Уилсон отвернулся и начал поднимать грузило, демонстрируя несгибаемой спиной презрение к собеседнику. Шлюбер, не зная, что предпринять, выругался и удалился в октаэдр. Впрочем, по правде говоря, Уилсон слишком хорошо понял немца. Он в свое время испытал такую же скуку. Она взвинтила ему нервы, вырвала его из ласковых объятий Андреа, из комфортабельной, хотя и бедной квартиры, где он беззаботно прожил восемь лет, и бросила в глубь африканского континента в компании самых отвратительных людей в мире.

Несколько секунд спустя по правому борту ровная гладь воды Мвтутси забурлила, и Уилсон заметил мутный взгляд доисторического глаза и покрытый твердой кожей бок. Это всплыл и снова ушел под воду крокодил. Пугающая тишина джунглей восстановилась.

11

Утреннее солнце осветило унылый ландшафт. Джунгли и болота Улунди остались в ночи. Река текла мимо обуглившейся земли с покореженной боевой техникой. Черная безжизненная местность уходила в грязную даль. Вода воняла жженой резиной.

— Это дело рук анду, — прокомментировал обстановку Пейдж. — Около пяти лет назад они обработали площадь шириной в тридцать миль дефолиартами, оставшимися после вьетнамской войны. Этим анду сразу остановили продвижение бупу в направлении Семе. Операцию задумал и осуществил генерал Атуре из АПП. Это был хитрый негодяй, мать его так. «Единственной целью войны, — сказал он мне однажды, — является победа. Кого интересует прочий результат?»

Уилсон смотрел на берег поверх броневых листов, окружавших штурманскую рубку. Кое-где вопросительными знаками торчали кости.

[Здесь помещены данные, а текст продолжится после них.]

lemma poisson_bivector_claimed_bracket:
  fixes A B W :: "real^'n^'n"
  assumes J: "lie_structure_constants C" and W: "lie_2cocycle C W"
    and AB: "A ** B = B ** A" and A: "is_derivation C A" and B: "is_derivation C B"
  shows "poisson_bivector (claimed_bracket A B C W)"
  unfolding poisson_bivector_def
proof (intro conjI allI)
  fix a b
  show "smooth_fun (\<lambda>p. claimed_bracket A B C W p a b)"
    by (rule smooth_claimed_bracket[OF AB])
next
  fix p a b
  have entry: "bracket_matrix A B C W p $ j $ i = - bracket_matrix A B C W p $ i $ j" for i j
    using arg_cong[OF transpose_bracket_matrix[OF J W AB, of p], of "\<lambda>X. X $ i $ j"]
    by (simp add: transpose_def)
  show "claimed_bracket A B C W p a b = - claimed_bracket A B C W p b a"
  proof (cases a; cases b)
    fix i j
    assume "a = Some i" "b = Some j"
    then show ?thesis
      using entry[of i j] by (simp add: claimed_bracket_eq)
  qed (simp_all add: claimed_bracket_eq)
next
  fix p :: "real \<times> (real^'n)" and a b c :: "'n option"
  let ?P = "claimed_bracket A B C W"
  have defect: "cocycle_defect C (Omega A B W (fst p)) = 0"
    using cocycle_defect_Omega[OF AB A B] W by (simp add: lie_2cocycle_iff)
  show "(\<Sum>l\<in>UNIV. ?P p l a * pd l (\<lambda>q. ?P q b c) p + ?P p l b * pd l (\<lambda>q. ?P q c a) p
      + ?P p l c * pd l (\<lambda>q. ?P q a b) p) = 0"
    unfolding pd_claimed_bracket[OF AB] unfolding claimed_bracket_eq
    using bracket_matrix_jacobi[OF J defect]
    by (cases a; cases b; cases c) (simp_all add: sum_UNIV_option bracket_matrix_def)
qed

lemma poisson_lie_claimed_bracket:
  fixes A B W :: "real^'n^'n"
  assumes "lie_structure_constants C" and "lie_2cocycle C W"
    and "is_derivation C A" and "is_derivation C B" and AB: "A ** B = B ** A"
  shows "poisson_lie_with_cocycle A B C W (claimed_bracket A B C W)"
  unfolding poisson_lie_with_cocycle_def
  using poisson_bivector_claimed_bracket[OF assms(1,2) AB assms(3,4)]
    multiplicative_claimed_bracket[OF AB assms(3,4)] claimed_bracket_has_cocycle[OF AB]
  by blast

section \<open>Uniqueness\<close>

lemma sum_coord_cdir: "(\<Sum>c\<in>UNIV. coord c v *\<^sub>R cdir c) = v"
proof -
  have "(\<Sum>i\<in>UNIV. snd v $ i *\<^sub>R axis i (1::real)) = snd v"
    by (simp add: vec_eq_iff sum_component axis_def if_distrib cong: if_cong)
  then show ?thesis
    by (simp add: sum_UNIV_option prod_eq_iff fst_sum snd_sum)
qed

lemma has_derivative_zero_if_pd_zero:
  assumes f: "f differentiable (at p)" and pd: "\<And>c. pd c f p = 0"
  shows "(f has_derivative (\<lambda>v. 0)) (at p)"
proof -
  let ?L = "frechet_derivative f (at p)"
  have L: "(f has_derivative ?L) (at p)"
    using f by (rule frechet_derivative_works[THEN iffD1])
  have "?L v = (\<Sum>c\<in>UNIV. coord c v * pd c f p)" for v
    using linear_sum[OF has_derivative_linear[OF L], of "\<lambda>c. coord c v *\<^sub>R cdir c" UNIV]
    by (simp add: sum_coord_cdir linear_scale[OF has_derivative_linear[OF L]] pd_def)
  with pd have "?L = (\<lambda>v. 0)"
    by (simp add: fun_eq_iff)
  with L show ?thesis
    by simp
qed

lemma smooth_fun_differentiable: "smooth_fun f \<Longrightarrow> f differentiable (at p)"
  unfolding smooth_fun_def by (metis Ck.simps(2))

lemma multiplicative_diff:
  assumes "multiplicative A B P" "multiplicative A B Q"
  shows "multiplicative A B (\<lambda>p a b. P p a b - Q p a b)"
  using assms unfolding multiplicative_iff_jacobians
  by (simp add: right_diff_distrib sum_subtractf)

lemma differentiable_mexp_neg_entry_fst:
  "(\<lambda>h::real \<times> 'b::real_normed_vector. mexp (- (fst h *\<^sub>R A)) $ i $ j) differentiable (at h0)"
  using differentiableI[OF has_derivative_mexp_neg_entry_fst] by simp

lemma differentiable_left_jacobian: "(\<lambda>h. left_jacobian A B g h a c) differentiable (at h0)"
  by (cases a; cases c)
    (auto simp: left_jacobian_def matrix_vector_mult_def matrix_matrix_mult_def
      intro!: derivative_intros differentiable_mexp_neg_entry_fst)
(* Let $b\ge1$, $g=4b^2$, and let $D$ be a digraph with directed girth at least $g$ such that for every arc $(x,y)\in A(D)$, either $D$ contains a directed cycle of length exactly $g$ through $(x,y)$, or there is $z\in V(D)\setminus\{x,y\}$ with $(z,x),(z,y)\in A(D)$. Then for every $(p,q)\in A(D)$ there is a gadget $G$ contained in $D$ which is either of type I or an extended gadget of type II, with $p(G)=p$, $q(G)=q$ and $|V(G)|\le 2g$.
   Context: Digraphs are finite, loopless, without parallel arcs (digons allowed); the directed girth is the minimum length of a directed cycle. Gadgets have designated vertices $p,q$ with arc $(p,q)$. Type I: a directed cycle of length at least $g$ through $(p,q)$. Basic type II: vertices $p,q,r$ and a directed path $P_1$ from $r$ to $p$ of length at least $2b^2+b-2$ with $q\notin V(P_1)$, every vertex of $P_1$ having an arc to $q$. Extended type II: a basic type-II gadget plus a directed path $P_2$ of length at least $b$ whose last vertex is $r$, with $V(P_1)\cap V(P_2)=\{r\}$, $q\notin V(P_2)$, and either an arc from the first vertex of $P_2$ to the second vertex of $P_1$, or an arc from some vertex of $V(P_1)\setminus\{r\}$ to the first vertex of $P_2$. *)

theory Defs
  imports Main
begin

text \<open>A digraph is a finite vertex set V with an arc relation A \<subseteq> V \<times> V,
  loopless; A being a set excludes parallel arcs, digons are allowed.\<close>
definition digraph :: "'a set \<Rightarrow> ('a \<times> 'a) set \<Rightarrow> bool" where
  "digraph V A \<longleftrightarrow> finite V \<and> A \<subseteq> V \<times> V \<and> (\<forall>x. (x, x) \<notin> A)"

text \<open>A directed cycle, given as the cyclic list of its (distinct) vertices;
  its length is the number of vertices (= number of arcs).\<close>
definition dcycle :: "'a set \<Rightarrow> ('a \<times> 'a) set \<Rightarrow> 'a list \<Rightarrow> bool" where
  "dcycle V A cs \<longleftrightarrow> cs \<noteq> [] \<and> distinct cs \<and> set cs \<subseteq> V \<and>
     (\<forall>i < length cs. (cs ! i, cs ! ((i + 1) mod length cs)) \<in> A)"

definition cycle_through :: "'a list \<Rightarrow> 'a \<Rightarrow> 'a \<Rightarrow> bool" where
  "cycle_through cs x y \<longleftrightarrow>
     (\<exists>i < length cs. cs ! i = x \<and> cs ! ((i + 1) mod length cs) = y)"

— Сколько времени уйдет на то, чтобы деревья и трава снова выросли?

Пират рассмеялся, оскалив по-волчьи зубы:

— Римляне посыпали окрестности Карфагена солью, чтобы там больше ничего и никогда не росло. И эта территория останется безжизненной по крайней мере еще тысячу лет.

В полдень они проплыли мимо покинутой деревни бупу, за ней снова начались джунгли. Река сузилась до двадцати ярдов. Заросли были настолько густы, что закрывали небо.

— Следите за джунглями, — сказал Пейдж. Уилсон расценил его слова как приказ, пошел к оружейной комнате и взял бинокль.

— Ничего страшного, — успокоил капитан. — Это просто для удовлетворения вашего любопытства.

Уилсон с глупым видом полчаса смотрел в сторону правого берега, пока не увидел огоньки между деревьями.

— Иво, — ответил пират на вопрос Уилсона. — Примитивная мелюзга поклоняется свету.

— Вы имеете в виду солнце?

— Нет. Они поклоняются свету, точнее, электрическим фонарикам. Никто не знает почему. Возможно, потому, что в глубине джунглей, где они живут, чертовски темно. Они собственную мать готовы продать за пяток фонариков, за пару — любимую бабушку. Знаете, что мы везем в трюме?

— Нет.

— Десять ящиков дешевых фонариков с Тайваня. Батарейки отказывают через пару недель. Для иво фонарики — все равно что наркотик. Они все время хотят больше и больше света.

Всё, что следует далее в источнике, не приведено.